The latter is a brave statement, and referring to it as ‘my superpower… ain’t no disability’ could be a powerful affirmation for anyone with mental health issues. Only Kanye is so deep into his own issues that he doesn’t leave himself much room for empathy.

And the next track is just ugly, by any measure. Arrogance, lust, objectification of women - in ‘All Mine’ Kanye gives voice to all his worst excesses. Even if the track is deliberately placed to contrast with some of the other quite different messages, it is still gratuitous and unpleasant.

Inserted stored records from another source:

(* Assume the setting below. Let $h=\max\{1,\lceil 8\kappa_Q^{1/2}C_A t_{\mathrm{mix}}/a\rceil\}$ and $\mathbf Y_1=(\mathrm I-\alpha\mathbf A(Z_h))(\mathrm I-\alpha\mathbf A(Z_{h-1}))\cdots(\mathrm I-\alpha\mathbf A(Z_1))$. Then for any $\alpha\in(0,\alpha^{(\mathrm M)}_\infty t_{\mathrm{mix}}^{-1}]$ and any initial probability measure $\xi$ on $(\mathsf Z,\mathcal Z)$, $\mathbb P_\xi$-almost surely, $$\|\mathbf Y_1-\mathbb E_\xi[\mathbf Y_1]\|_Q\le C_\sigma\,\alpha h,\qquad C_\sigma=2\bigl(\kappa_Q^{1/2}C_A+a/6\bigr).$$
   Context: Markov setting: $(\mathsf Z,\mathsf d_{\mathsf Z})$ is a Polish space with Borel $\sigma$-field $\mathcal Z$; $\mathrm P$ is a Markov kernel on $\mathsf Z\times\mathcal Z$ with invariant probability distribution $\pi$; for a probability measure $\xi$ on $\mathsf Z$, $(Z_k)_{k\ge0}$ denotes the Markov chain with kernel $\mathrm P$ and $Z_0\sim\xi$, with law $\mathbb P_\xi$ and expectation $\mathbb E_\xi$. For $k\ge1$, $\Delta(\mathrm P^k)=\sup_{z,z'\in\mathsf Z}\frac12\|\mathrm P^k(z,\cdot)-\mathrm P^k(z',\cdot)\|_{\mathrm{TV}}$ (total variation norm). Assume there is $t_{\mathrm{mix}}\in\mathbb N^*$ with $\Delta(\mathrm P^k)\le(1/4)^{\lfloor k/t_{\mathrm{mix}}\rfloor}$ for all $k\in\mathbb N^*$. LSA data: $d\ge1$; $\mathbf A:\mathsf Z\to\mathbb R^{d\times d}$ measurable with $\bar{\mathbf A}=\int\mathbf A\,d\pi$; $\|\cdot\|$ is the Euclidean/spectral norm; $-\bar{\mathbf A}$ is Hurwitz (all eigenvalues of $\bar{\mathbf A}$ have positive real part); $C_A:=\sup_z\|\mathbf A(z)\|\vee\sup_z\|\mathbf A(z)-\bar{\mathbf A}\|<\infty$. $Q$ is the unique symmetric positive definite solution of $\bar{\mathbf A}^\top Q+Q\bar{\mathbf A}=\mathrm I$; $\|x\|_Q=(x^\top Qx)^{1/2}$, $\|B\|_Q=\max_{\|x\|_Q=1}\|Bx\|_Q$; $\kappa_Q=\lambda_{\max}(Q)/\lambda_{\min}(Q)$; $a=1/(2\|Q\|)$; $\alpha_\infty=\min\{1/(2\|\bar{\mathbf A}\|_Q^2\|Q\|),\|Q\|\}$; and $$\alpha^{(\mathrm M)}_\infty=\min\Bigl\{\alpha_\infty,\ \kappa_Q^{-1/2}C_A^{-1},\ \frac{a}{6e\kappa_QC_A^2}\Bigr\}\Big/\bigl\lceil 8\kappa_Q^{1/2}C_A/a\bigr\rceil .$$ *)

theory Defs
  imports "HOL-Probability.Probability"
begin

fun kpow :: "('z::topological_space \<Rightarrow> 'z measure) \<Rightarrow> nat \<Rightarrow> 'z \<Rightarrow> 'z measure" where
  "kpow P 0 z = return borel z"
| "kpow P (Suc k) z = bind (kpow P k z) P"

definition tv_norm_diff :: "'z::topological_space measure \<Rightarrow> 'z measure \<Rightarrow> real" where
  "tv_norm_diff \<mu> \<nu> = Sup {(\<Sum>B\<in>F. \<bar>measure \<mu> B - measure \<nu> B\<bar>) | F.
       finite F \<and> F \<subseteq> sets borel \<and> disjoint F}"

definition dobrushin :: "('z::topological_space \<Rightarrow> 'z measure) \<Rightarrow> real" where
  "dobrushin K = Sup {tv_norm_diff (K z) (K z') / 2 | z z'. True}"

text \<open>(Z_k) is a Markov chain with kernel P and initial law xi, realised on the
  probability space M: Z_0 ~ xi and for every n the conditional law of Z_{n+1} given
  (Z_0,...,Z_n) is P(Z_n, .).\<close>
definition markov_chain ::
  "'w measure \<Rightarrow> (nat \<Rightarrow> 'w \<Rightarrow> 'z::topological_space) \<Rightarrow> ('z \<Rightarrow> 'z measure) \<Rightarrow> 'z measure \<Rightarrow> bool" where
  "markov_chain M Z P \<xi> \<longleftrightarrow>
     prob_space M \<and> (\<forall>i. Z i \<in> borel_measurable M) \<and> distr M borel (Z 0) = \<xi> \<and>
     (\<forall>n B A. B \<in> sets (PiM {0..n} (\<lambda>_. borel)) \<longrightarrow> A \<in> sets borel \<longrightarrow>
        measure M {\<omega> \<in> space M. (\<lambda>i\<in>{0..n}. Z i \<omega>) \<in> B \<and> Z (Suc n) \<omega> \<in> A}
        = (\<integral>\<omega>. indicator B (\<lambda>i\<in>{0..n}. Z i \<omega>) * measure (P (Z n \<omega>)) A \<partial>M))"

definition invariant :: "('z::topological_space \<Rightarrow> 'z measure) \<Rightarrow> 'z measure \<Rightarrow> bool" where
  "invariant P \<pi> \<longleftrightarrow> prob_space \<pi> \<and> sets \<pi> = sets borel \<and>
     (\<forall>A \<in> sets borel. measure \<pi> A = (\<integral>z. measure (P z) A \<partial>\<pi>))"

definition opnorm :: "real^'d^'d \<Rightarrow> real" where
  "opnorm B = onorm (\<lambda>x. B *v x)"

definition neg_hurwitz :: "real^'d^'d \<Rightarrow> bool" where
  "neg_hurwitz B \<longleftrightarrow> (\<forall>(\<mu>::complex) (v::complex^'d). v \<noteq> 0 \<and>
      (\<chi> i j. complex_of_real (B $ i $ j)) *v v = \<mu> *s v \<longrightarrow> Re \<mu> > 0)"

definition pos_def :: "real^'d^'d \<Rightarrow> bool" where
  "pos_def Q \<longleftrightarrow> transpose Q = Q \<and> (\<forall>x. x \<noteq> 0 \<longrightarrow> x \<bullet> (Q *v x) > 0)"

definition real_eigenvalues :: "real^'d^'d \<Rightarrow> real set" where
  "real_eigenvalues Q = {\<mu>. \<exists>v. v \<noteq> 0 \<and> Q *v v = \<mu> *\<^sub>R v}"

definition lam_max :: "real^'d^'d \<Rightarrow> real" where
  "lam_max Q = Max (real_eigenvalues Q)"

definition lam_min :: "real^'d^'d \<Rightarrow> real" where
  "lam_min Q = Min (real_eigenvalues Q)"

definition kappa :: "real^'d^'d \<Rightarrow> real" where
  "kappa Q = lam_max Q / lam_min Q"

definition vnormQ :: "real^'d^'d \<Rightarrow> real^'d \<Rightarrow> real" where
  "vnormQ Q x = sqrt (x \<bullet> (Q *v x))"

definition mnormQ :: "real^'d^'d \<Rightarrow> real^'d^'d \<Rightarrow> real" where
  "mnormQ Q B = Sup {vnormQ Q (B *v x) | x. vnormQ Q x = 1}"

Kanye works quickly and the proof is in how current these songs are. In fact it seems they were only written in the wake of his recent outbursts on Trump and slavery, as he acknowledges the latter in ‘Wouldn’t Leave’. With a catchy little soul hook by up-and-coming Canadian rap-singer Partynextdoor, it’s a sign that Kanye hasn’t lost his famed production touch. Still in his own verse, no sooner does Kanye raise the slavery issue than he sidesteps it, turning the focus instead onto how his indiscretion has affected his personal life, with his wife worrying it might bring down the West-Kardashian empire. And that self-absorption carries through pretty much to the end of the album, though that may not be how Kanye intended it.

The final song, ‘Violent Crimes’, finds him thinking about his two young daughters, worrying about the ‘pervs on the net’ and fretting over the kind of sexual objectification he himself indulges in elsewhere on the record.

I assume the objectionable ‘All Mine’ is deliberately intended as a set up for this, and in that context it’s almost justified. Yet this final track fails to be as powerful or redemptive as it ought to because in the end, like the rest of this album, it’s all about Kanye. What the daughters themselves might want or who they might become barely enters the frame.

At the album’s lavish launch last week in Jackson Hole, Wyoming, Kanye explained to veteran hip-hop deejay Big Boy that he had called the album Ye not because it was an abbreviation of his own name as one might assume, but because it was the was most commonly used word in the Bible, meaning ‘you’, or everyone. The album, he said, was supposed to be a reflection of all its listeners.

A noble intention, yet in the end it is just one individual I find reflected in these tracks, and for the most part he sounds isolated and confused.